Mary was feeling a little seasick from the rocking of the barrel.  Once it practically rolled across the wagon bed and she almost screamed. 
"I can't wait any longer, Father!"
She heard Henry climbing into the back as his father slowed the horses   Mary tried to climb out, but found her legs were asleep cramped under her.  Henry lifted her out and held her in his arms.  She threw her arms around him as her legs were still asleep.  Nothing had ever felt better in her life. She laughed and cried.  His kisses were salty sweet as well.  Mary finally slept nestled on the hay protected in his arms, happier than she had ever been in her life.  No riches could ever have made a better bed than the back of that wagon in the hay riding to a future with Henry. 

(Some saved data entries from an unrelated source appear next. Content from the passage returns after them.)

(* Let $l>0$ and $(a,M)\in\mathcal B_l$. Let $(\omega,m)\in\mathcal{SF}$. Then $\mathcal T(\omega,m,\cdot)\in C^\infty(r_+,\bar r_+)$, and $\mathcal T(\omega,m,\cdot)$ has a unique critical point $r_{crit}(\omega,m)\in(r_+,\bar r_+)$ (i.e. a unique point where $\frac{d\mathcal T}{dr}=0$), which is a minimum. Moreover $r_{crit}(\omega,m)=r_s(\omega,m)$, where $r_s\in(r_+,\bar r_+)$ is the (unique) value with $\omega=\frac{am\Xi}{r_s^2+a^2}$, and $$\Big|\frac{d^2\mathcal T}{dr^2}(\omega,m,r_{crit})\Big|>0 .$$
   Context: Fix $l>0$. For $a\in\mathbb R$, $M>0$ set $\Delta(r)=(r^2+a^2)\big(1-\frac{r^2}{l^2}\big)-2Mr$. We write $(a,M)\in\mathcal B_l$ (subextremal) if $\Delta$ has four distinct real roots $\bar r_-<0\le r_-<r_+<\bar r_+$. Set $\Xi=1+\frac{a^2}{l^2}$, $\omega_+=\frac{a\Xi}{r_+^2+a^2}$, $\bar\omega_+=\frac{a\Xi}{\bar r_+^2+a^2}$. The superradiant set is $\mathcal{SF}=\{(\omega,m)\in\mathbb R\times\mathbb Z:\ (\omega-m\omega_+)(\omega-m\bar\omega_+)<0\}$ (equivalently $am\omega\in(\frac{a^2m^2\Xi}{\bar r_+^2+a^2},\frac{a^2m^2\Xi}{r_+^2+a^2})$). For $(\omega,m)\in\mathbb R\times\mathbb Z$ and $r\in(r_+,\bar r_+)$ define $$\mathcal T(\omega,m,r)=\frac{(r^2+a^2)^2}{\Delta(r)}\Big(\omega-\frac{am\Xi}{r^2+a^2}\Big)^2 .$$ *)

theory Defs
  imports "HOL-Analysis.Analysis"
begin

definition Delta :: "real \<Rightarrow> real \<Rightarrow> real \<Rightarrow> real \<Rightarrow> real" where
  "Delta l a M r = (r^2 + a^2) * (1 - r^2 / l^2) - 2 * M * r"

definition subextremal_roots ::
  "real \<Rightarrow> real \<Rightarrow> real \<Rightarrow> real \<Rightarrow> real \<Rightarrow> real \<Rightarrow> real \<Rightarrow> bool" where
  "subextremal_roots l a M rbm rm rp rbp \<longleftrightarrow>
     rbm < 0 \<and> 0 \<le> rm \<and> rm < rp \<and> rp < rbp \<and>
     {r. Delta l a M r = 0} = {rbm, rm, rp, rbp}"

definition Xi :: "real \<Rightarrow> real \<Rightarrow> real" where
  "Xi l a = 1 + a^2 / l^2"

definition superradiant ::
  "real \<Rightarrow> real \<Rightarrow> real \<Rightarrow> real \<Rightarrow> real \<Rightarrow> int \<Rightarrow> bool" where
  "superradiant l a rp rbp \<omega> m \<longleftrightarrow>
     (\<omega> - real_of_int m * (a * Xi l a / (rp^2 + a^2))) *
     (\<omega> - real_of_int m * (a * Xi l a / (rbp^2 + a^2))) < 0"

definition TT :: "real \<Rightarrow> real \<Rightarrow> real \<Rightarrow> real \<Rightarrow> int \<Rightarrow> real \<Rightarrow> real" where
  "TT l a M \<omega> m r =
     (r^2 + a^2)^2 / Delta l a M r * (\<omega> - a * real_of_int m * Xi l a / (r^2 + a^2))^2"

"Blessed is the Lord who has not left you without a redeemer today..."
Ruth 14
A beautiful love story told in the Old Testament is of Ruth and Boaz.  David did not have to go back very far in to find them in his lineage.  Ruth was a foreigner, a young widow who followed her mother-in-law back to Israel.  Boaz is a picture of Christ as our kinsman-redeemer.  He looked out for the lovely Ruth.  As she gleaned in his fields, he offered his protection and commanded that extra be left for her.  Finally, he offered her his heart and hand, redeeming her out of her destitute situation and taking her to himself with all his ability to love and care for her.  Christ has done this for us, His bride, the church.  This is why Mary and Henry's love story is so touching as he rescued her from a forced cloistered existence after she had been robbed of her family and inheritance.  Mary is related to my relatives as her mother was a Fitzalan of Arundel Castle.